Convection heat loss analysis of a wind-skirted open-cavity tubular receiver for a solar-dish Brayton cycle

Abstract

Solar-dish Brayton cycle receivers connected to radial turbomachinery usually require large pipe diameters to minimize pressure losses and improve overall cycle performance. However, most convection heat loss correlations in literature are developed for cavity receivers with isothermal assumptions, relatively small pipe diameters, and a unique receiver geometry. The current study therefore compared the similarity of prominent convection heat loss correlations in literature to experimental 5-minute steady-state results from in-field, naturalistic, heat loss testing for a solar-dish Brayton cycle receiver. A large pipe, helically-coiled, open-cavity tubular solar receiver with a wind-skirt was tested.
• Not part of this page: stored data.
(* Let $L$ be an algebraic frame, $X_L$ its Priestley space, and $Y_L$ the spatial part of $X_L$. The following are equivalent: (1) $L$ is an arithmetic frame; (2) $X_L$ is an arithmetic L-space; (3) $Y_L$ is a stably compactly based space.
   Context: A frame is a complete lattice satisfying $a\wedge\bigvee S=\bigvee\{a\wedge s\mid s\in S\}$. In a frame $L$, $a\ll b$ means whenever $b\le\bigvee S$ there is finite $T\subseteq S$ with $a\le\bigvee T$; $a$ is compact if $a\ll a$; $K(L)$ is the set of compact elements. $L$ is algebraic if $a=\bigvee\{b\in K(L)\mid b\le a\}$ for all $a$, and arithmetic if it is algebraic and $\ll$ is stable ($a\ll b$ and $a\ll c$ imply $a\ll b\wedge c$); equivalently, an algebraic frame in which the meet of two compact elements is compact. A Priestley space is a Stone space $X$ with a partial order such that clopen upsets separate points. An L-space is a Priestley space in which the downset of each clopen set is clopen and the closure of each open upset is open. ${\sf ClopUp}(X)$ is the set of clopen upsets; $\mathrm{cl}$ denotes closure. The Priestley space $X_L$ is the set of prime filters of $L$ ordered by inclusion with topology generated by the sets $\varphi(a)=\{x\mid a\in x\}$ and their complements. The spatial part of $X$ is $Y=\{y\in X\mid{\downarrow}y\text{ clopen}\}$, topologized by declaring $V\subseteq Y$ open iff $V=U\cap Y$ for some $U\in{\sf ClopUp}(X)$. A Scott upset is a closed upset $F$ with $\min F\subseteq Y$; ${\sf ClopSUp}(X)$ is the set of clopen Scott upsets. For $U,V\in{\sf ClopUp}(X)$, $V\ll U$ means that for every open upset $W$, $U\subseteq\mathrm{cl}\,W$ implies $V\subseteq W$; $\ker U=\bigcup\{V\in{\sf ClopUp}(X)\mid V\ll U\}$; $\mathrm{core}\,U=\bigcup\{V\in{\sf ClopSUp}(X)\mid V\subseteq U\}$. An algebraic L-space is one where $\mathrm{core}\,U$ is dense in $U$ for each $U\in{\sf ClopUp}(X)$; an arithmetic L-space is an algebraic L-space with $\ker(U\cap V)=\ker U\cap\ker V$ for all $U,V\in{\sf ClopUp}(X)$. A topological space is stably compactly based if it is sober, has a basis of compact open sets, and the intersection of any two compact open sets is compact. *)

theory Defs
  imports "HOL-Analysis.Analysis"
begin

definition is_frame :: "'a::complete_lattice itself \<Rightarrow> bool" where
  "is_frame _ \<longleftrightarrow> (\<forall>(a::'a) S. inf a (Sup S) = Sup ((\<lambda>s. inf a s) ` S))"

definition way_below :: "'a::complete_lattice \<Rightarrow> 'a \<Rightarrow> bool" where
  "way_below a b \<longleftrightarrow> (\<forall>S. b \<le> Sup S \<longrightarrow> (\<exists>T. T \<subseteq> S \<and> finite T \<and> a \<le> Sup T))"

definition compact_el :: "'a::complete_lattice \<Rightarrow> bool" where
  "compact_el a \<longleftrightarrow> way_below a a"

definition algebraic_frame :: "'a::complete_lattice itself \<Rightarrow> bool" where
  "algebraic_frame t \<longleftrightarrow> is_frame t \<and>
     (\<forall>a::'a. a = Sup {b. compact_el b \<and> b \<le> a})"

definition arithmetic_frame :: "'a::complete_lattice itself \<Rightarrow> bool" where
  "arithmetic_frame t \<longleftrightarrow> algebraic_frame t \<and>
     (\<forall>a b c::'a. way_below a b \<and> way_below a c \<longrightarrow> way_below a (inf b c))"

definition prime_filter :: "'a::complete_lattice set \<Rightarrow> bool" where
  "prime_filter F \<longleftrightarrow> top \<in> F \<and> bot \<notin> F \<and>
     (\<forall>a b. a \<in> F \<longrightarrow> a \<le> b \<longrightarrow> b \<in> F) \<and>
     (\<forall>a b. a \<in> F \<longrightarrow> b \<in> F \<longrightarrow> inf a b \<in> F) \<and>
     (\<forall>a b. sup a b \<in> F \<longrightarrow> a \<in> F \<or> b \<in> F)"

definition prime_filters :: "'a::complete_lattice itself \<Rightarrow> 'a set set" where
  "prime_filters _ = {F. prime_filter F}"

definition phi :: "'a::complete_lattice \<Rightarrow> 'a set set" where
  "phi a = {x. prime_filter x \<and> a \<in> x}"

definition XL :: "'a::complete_lattice itself \<Rightarrow> 'a set topology" where
  "XL t = topology_generated_by
     ((\<lambda>a. phi a) ` UNIV \<union> (\<lambda>a. prime_filters t - phi a) ` UNIV)"

definition upset_in :: "'x topology \<Rightarrow> ('x \<Rightarrow> 'x \<Rightarrow> bool) \<Rightarrow> 'x set \<Rightarrow> bool" where
  "upset_in X le U \<longleftrightarrow> U \<subseteq> topspace X \<and>
     (\<forall>x\<in>U. \<forall>y\<in>topspace X. le x y \<longrightarrow> y \<in> U)"

definition down_of :: "'x topology \<Rightarrow> ('x \<Rightarrow> 'x \<Rightarrow> bool) \<Rightarrow> 'x set \<Rightarrow> 'x set" where
  "down_of X le A = {y \<in> topspace X. \<exists>x\<in>A. le y x}"

definition clopenin :: "'x topology \<Rightarrow> 'x set \<Rightarrow> bool" where
  "clopenin X U \<longleftrightarrow> openin X U \<and> closedin X U"

definition ClopUp :: "'x topology \<Rightarrow> ('x \<Rightarrow> 'x \<Rightarrow> bool) \<Rightarrow> 'x set set" where
  "ClopUp X le = {U. clopenin X U \<and> upset_in X le U}"

definition stone_space :: "'x topology \<Rightarrow> bool" where
  "stone_space X \<longleftrightarrow> compact_space X \<and> Hausdorff_space X \<and>
     (\<forall>U x. openin X U \<and> x \<in> U \<longrightarrow> (\<exists>V. clopenin X V \<and> x \<in> V \<and> V \<subseteq> U))"

definition partial_order_on_space :: "'x topology \<Rightarrow> ('x \<Rightarrow> 'x \<Rightarrow> bool) \<Rightarrow> bool" where
  "partial_order_on_space X le \<longleftrightarrow>
     (\<forall>x\<in>topspace X. le x x) \<and>
     (\<forall>x\<in>topspace X. \<forall>y\<in>topspace X. le x y \<and> le y x \<longrightarrow> x = y) \<and>
     (\<forall>x\<in>topspace X. \<forall>y\<in>topspace X. \<forall>z\<in>topspace X. le x y \<and> le y z \<longrightarrow> le x z)"

definition priestley_space :: "'x topology \<Rightarrow> ('x \<Rightarrow> 'x \<Rightarrow> bool) \<Rightarrow> bool" where
  "priestley_space X le \<longleftrightarrow> stone_space X \<and> partial_order_on_space X le \<and>
     (\<forall>x\<in>topspace X. \<forall>y\<in>topspace X. \<not> le x y \<longrightarrow>
        (\<exists>U\<in>ClopUp X le. x \<in> U \<and> y \<notin> U))"

definition L_space :: "'x topology \<Rightarrow> ('x \<Rightarrow> 'x \<Rightarrow> bool) \<Rightarrow> bool" where
  "L_space X le \<longleftrightarrow> priestley_space X le \<and>
     (\<forall>U. clopenin X U \<longrightarrow> clopenin X (down_of X le U)) \<and>
     (\<forall>U. openin X U \<and> upset_in X le U \<longrightarrow> openin X (X closure_of U))"

definition spatial_part :: "'x topology \<Rightarrow> ('x \<Rightarrow> 'x \<Rightarrow> bool) \<Rightarrow> 'x set" where
  "spatial_part X le = {y \<in> topspace X. clopenin X (down_of X le {y})}"

definition spatial_topology :: "'x topology \<Rightarrow> ('x \<Rightarrow> 'x \<Rightarrow> bool) \<Rightarrow> 'x topology" where
  "spatial_topology X le =
     topology (\<lambda>V. \<exists>U\<in>ClopUp X le. V = U \<inter> spatial_part X le)"

definition min_of :: "('x \<Rightarrow> 'x \<Rightarrow> bool) \<Rightarrow> 'x set \<Rightarrow> 'x set" where
  "min_of le F = {x \<in> F. \<forall>y\<in>F. le y x \<longrightarrow> y = x}"

definition scott_upset :: "'x topology \<Rightarrow> ('x \<Rightarrow> 'x \<Rightarrow> bool) \<Rightarrow> 'x set \<Rightarrow> bool" where
  "scott_upset X le F \<longleftrightarrow> closedin X F \<and> upset_in X le F \<and>
     min_of le F \<subseteq> spatial_part X le"

definition ClopSUp :: "'x topology \<Rightarrow> ('x \<Rightarrow> 'x \<Rightarrow> bool) \<Rightarrow> 'x set set" where
  "ClopSUp X le = {U \<in> ClopUp X le. scott_upset X le U}"

definition way_below_sp :: "'x topology \<Rightarrow> ('x \<Rightarrow> 'x \<Rightarrow> bool) \<Rightarrow> 'x set \<Rightarrow> 'x set \<Rightarrow> bool" where
  "way_below_sp X le V U \<longleftrightarrow>
     (\<forall>W. openin X W \<and> upset_in X le W \<longrightarrow> U \<subseteq> X closure_of W \<longrightarrow> V \<subseteq> W)"

definition ker_sp :: "'x topology \<Rightarrow> ('x \<Rightarrow> 'x \<Rightarrow> bool) \<Rightarrow> 'x set \<Rightarrow> 'x set" where
  "ker_sp X le U = \<Union>{V \<in> ClopUp X le. way_below_sp X le V U}"

definition core_sp :: "'x topology \<Rightarrow> ('x \<Rightarrow> 'x \<Rightarrow> bool) \<Rightarrow> 'x set \<Rightarrow> 'x set" where
  "core_sp X le U = \<Union>{V \<in> ClopSUp X le. V \<subseteq> U}"

definition algebraic_L_space :: "'x topology \<Rightarrow> ('x \<Rightarrow> 'x \<Rightarrow> bool) \<Rightarrow> bool" where
  "algebraic_L_space X le \<longleftrightarrow> L_space X le \<and>
     (\<forall>U\<in>ClopUp X le. U \<subseteq> X closure_of (core_sp X le U))"
(* Let $\alpha:M_s\to M_s$ be a completely positive linear map on the algebra of complex $s\times s$ matrices. If $\alpha^m=0$ for some integer $m\ge1$, then $\alpha^s=0$; in particular the nilpotency index of $\alpha$ is at most $s$. *)

theory Defs
  imports "HOL-Analysis.Analysis"
begin

text \<open>Complex s x s matrices are rendered as complex^'n^'n with s = CARD('n).\<close>

definition mat_scale :: "complex \<Rightarrow> complex^'n^'m \<Rightarrow> complex^'n^'m" where
  "mat_scale c A = (\<chi> i j. c * A$i$j)"

definition clinear_map :: "(complex^'n^'n \<Rightarrow> complex^'n^'n) \<Rightarrow> bool" where
  "clinear_map \<alpha> \<longleftrightarrow>
     (\<forall>A B. \<alpha> (A + B) = \<alpha> A + \<alpha> B) \<and> (\<forall>c A. \<alpha> (mat_scale c A) = mat_scale c (\<alpha> A))"

text \<open>A k x k block matrix X with blocks X i j in M_s (i, j < k), viewed as an element of
  M_k(M_s) = M_{ks}, is positive semidefinite iff v* X v is real and nonnegative for
  every vector v in C^{ks} (written as k blocks v i in C^s).\<close>
definition block_psd :: "nat \<Rightarrow> (nat \<Rightarrow> nat \<Rightarrow> complex^'n^'n) \<Rightarrow> bool" where
  "block_psd k X \<longleftrightarrow>
     (\<forall>v :: nat \<Rightarrow> complex^'n.
        let q = (\<Sum>i<k. \<Sum>j<k. \<Sum>a\<in>UNIV. \<Sum>b\<in>UNIV. cnj (v i $ a) * (X i j $ a $ b) * (v j $ b))
        in Im q = 0 \<and> Re q \<ge> 0)"

text \<open>Complete positivity: id_k tensor alpha maps positive elements of M_k(M_s) to
  positive elements, for every k.\<close>
definition completely_positive :: "(complex^'n^'n \<Rightarrow> complex^'n^'n) \<Rightarrow> bool" where
  "completely_positive \<alpha> \<longleftrightarrow>
     (\<forall>k X. block_psd k X \<longrightarrow> block_psd k (\<lambda>i j. \<alpha> (X i j)))"

end

theory Submission
  imports Defs
begin

text \<open>If psd matrices satisfy \<open>ker A \<subseteq> ker B\<close>, then
  \<open>B \<le> c A\<close> for some \<open>c \<ge> 0\<close>, hence \<open>\<alpha> B \<le> c \<alpha> A\<close> and \<open>ker (\<alpha> A) \<subseteq> ker (\<alpha> B)\<close>.
  Applied to \<open>P\<^sub>k = \<alpha>\<^sup>k 1\<close>, this makes the kernels \<open>N\<^sub>k\<close> of \<open>P\<^sub>k\<close> an increasing chain of
  subspaces that stays constant once two consecutive members agree. As \<open>P\<^sub>m = 0\<close>, the chain
  grows strictly until it is all of \<open>\<complex>\<^sup>s\<close>, so \<open>N\<^sub>s = \<complex>\<^sup>s\<close> and \<open>P\<^sub>s = 0\<close>. Since every
  psd \<open>X\<close> has \<open>ker 1 \<subseteq> ker X\<close>, also \<open>\<alpha>\<^sup>s X = 0\<close>, and psd matrices span \<open>M\<^sub>s\<close>.\<close>

context finite_dimensional_vector_space
begin

lemma subspace_chain_reaches_UNIV:
  fixes N :: "nat \<Rightarrow> 'b set"
  assumes subspace: "\<And>k. subspace (N k)"
    and mono: "\<And>k. N k \<subseteq> N (Suc k)"
    and stays_stationary: "\<And>k. N (Suc k) = N k \<Longrightarrow> N (Suc (Suc k)) = N (Suc k)"
    and full: "N m = UNIV"
  shows "N (dim UNIV) = UNIV"
proof -
  have stationary_is_full: "N k = UNIV" if "N (Suc k) = N k" for k
  proof -
    have "N (Suc (k + j)) = N (k + j)" for j
      by (induction j) (use that stays_stationary in auto)
    then have "N (k + j) = N k" for j
      by (induction j) auto
    moreover have "N m \<subseteq> N (k + m)"
      using lift_Suc_mono_le[of N, OF mono] by simp
    ultimately show ?thesis using full by auto
  qed
  have "N k = UNIV \<or> k \<le> dim (N k)" for k
  proof (induction k)
    case (Suc k)
    show ?case
    proof (cases "N k = UNIV")
      case True
      then show ?thesis using mono[of k] by auto
    next
      case False
      then have "N k \<subset> N (Suc k)" using mono[of k] stationary_is_full by blast
      then have "dim (N k) < dim (N (Suc k))"
        using dim_psubset subspace by (metis span_eq_iff)
      then show ?thesis using Suc.IH False by simp
    qed
  qed simp
  then show ?thesis
    using subspace_dim_equal[OF subspace subspace_UNIV] by blast
qed

end

lemma affine_nonneg_imp_slope_zero:
  fixes a c :: real
  assumes "\<And>t. a + t * c \<ge> 0"
  shows "c = 0"
proof (rule ccontr)
  assume "c \<noteq> 0"
  then have "a + (- (\<bar>a\<bar> + 1) / c) * c = a - (\<bar>a\<bar> + 1)" by simp
  then show False using assms[of "- (\<bar>a\<bar> + 1) / c"] by linarith
qed

lemma mat_scale_zero [simp]: "mat_scale c 0 = 0"
  by (simp add: mat_scale_def vec_eq_iff)

lemma mat_scale_1 [simp]: "mat_scale 1 A = A"
  by (simp add: mat_scale_def vec_eq_iff)

lemma mat_scale_mat_scale: "mat_scale c (mat_scale d A) = mat_scale (c * d) A"
  by (simp add: mat_scale_def vec_eq_iff)

lemma clinear_map_zero: "clinear_map \<beta> \<Longrightarrow> \<beta> 0 = 0"
  unfolding clinear_map_def by (metis add.right_neutral add_left_imp_eq)

lemma clinear_map_diff: "clinear_map \<beta> \<Longrightarrow> \<beta> (A - B) = \<beta> A - \<beta> B"
  unfolding clinear_map_def by (metis eq_diff_eq)

lemma clinear_map_sum: "clinear_map \<beta> \<Longrightarrow> \<beta> (\<Sum>x\<in>F. f x) = (\<Sum>x\<in>F. \<beta> (f x))"
  by (induction F rule: infinite_finite_induct) (auto simp: clinear_map_zero clinear_map_def)

lemma clinear_map_funpow: "clinear_map \<alpha> \<Longrightarrow> clinear_map (\<alpha> ^^ k)"
  by (induction k) (auto simp: clinear_map_def)

definition sesq_form :: "complex^'n^'n \<Rightarrow> complex^'n \<Rightarrow> complex^'n \<Rightarrow> complex" where
  "sesq_form A x y = (\<Sum>a\<in>UNIV. \<Sum>b\<in>UNIV. cnj (x $ a) * (A $ a $ b) * (y $ b))"

abbreviation quad_form :: "complex^'n^'n \<Rightarrow> complex^'n \<Rightarrow> complex" where
  "quad_form A x \<equiv> sesq_form A x x"

definition psd_matrix :: "complex^'n^'n \<Rightarrow> bool" where
  "psd_matrix A \<longleftrightarrow> (\<forall>v. Im (quad_form A v) = 0 \<and> Re (quad_form A v) \<ge> 0)"

text \<open>For a psd matrix these are exactly the vectors of its kernel.\<close>

definition null_vectors :: "complex^'n^'n \<Rightarrow> (complex^'n) set" where
  "null_vectors A = {v. quad_form A v = 0}"

lemma sesq_form_add_left: "sesq_form A (x + y) z = sesq_form A x z + sesq_form A y z"
  by (simp add: sesq_form_def algebra_simps sum.distrib)

lemma sesq_form_add_right: "sesq_form A x (y + z) = sesq_form A x y + sesq_form A x z"
  by (simp add: sesq_form_def algebra_simps sum.distrib)

lemma sesq_form_smult_left: "sesq_form A (c *s x) y = cnj c * sesq_form A x y"
  by (simp add: sesq_form_def sum_distrib_left algebra_simps)

lemma sesq_form_smult_right: "sesq_form A x (c *s y) = c * sesq_form A x y"
  by (simp add: sesq_form_def sum_distrib_left algebra_simps)

lemma sesq_form_diff_matrix: "sesq_form (A - B) x y = sesq_form A x y - sesq_form B x y"
  by (simp add: sesq_form_def algebra_simps sum_subtractf)

lemma sesq_form_mat_scale: "sesq_form (mat_scale c A) x y = c * sesq_form A x y"
  by (simp add: sesq_form_def mat_scale_def sum_distrib_left algebra_simps)

lemma sesq_form_zero_left [simp]: "sesq_form A 0 y = 0"
  by (simp add: sesq_form_def)

lemma sesq_form_zero_matrix [simp]: "sesq_form 0 x y = 0"
  by (simp add: sesq_form_def)

lemma quad_form_add:
  "quad_form A (v + w) = quad_form A v + sesq_form A v w + sesq_form A w v + quad_form A w"
  by (simp add: sesq_form_add_left sesq_form_add_right)

lemma scaleR_eq_smult_of_real: "(r::real) *\<^sub>R (x::complex^'n) = complex_of_real r *s x"
  by (simp add: vec_eq_iff) (simp add: scaleR_conv_of_real)

lemma quad_form_scaleR: "quad_form A (r *\<^sub>R w) = complex_of_real (r\<^sup>2) * quad_form A w"
  by (simp add: scaleR_eq_smult_of_real sesq_form_smult_left sesq_form_smult_right power2_eq_square)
Parametric control was exercised over elevation angles between 22.5° and 90°, average air mass flow rates between 33 g/s and 68 g/s and average inner-cavity temperatures up to 550 °C. Average ambient temperatures ranged from 13 °C to 22 °C and average wind speeds ranged from 0.5 m/s to 3.3 m/s. Results showed that the correlation providing the best fit to the experimental convection heat loss results (with an average difference of 3 %) had the unique ability to account for having a heated coil surface deeper into the cavity.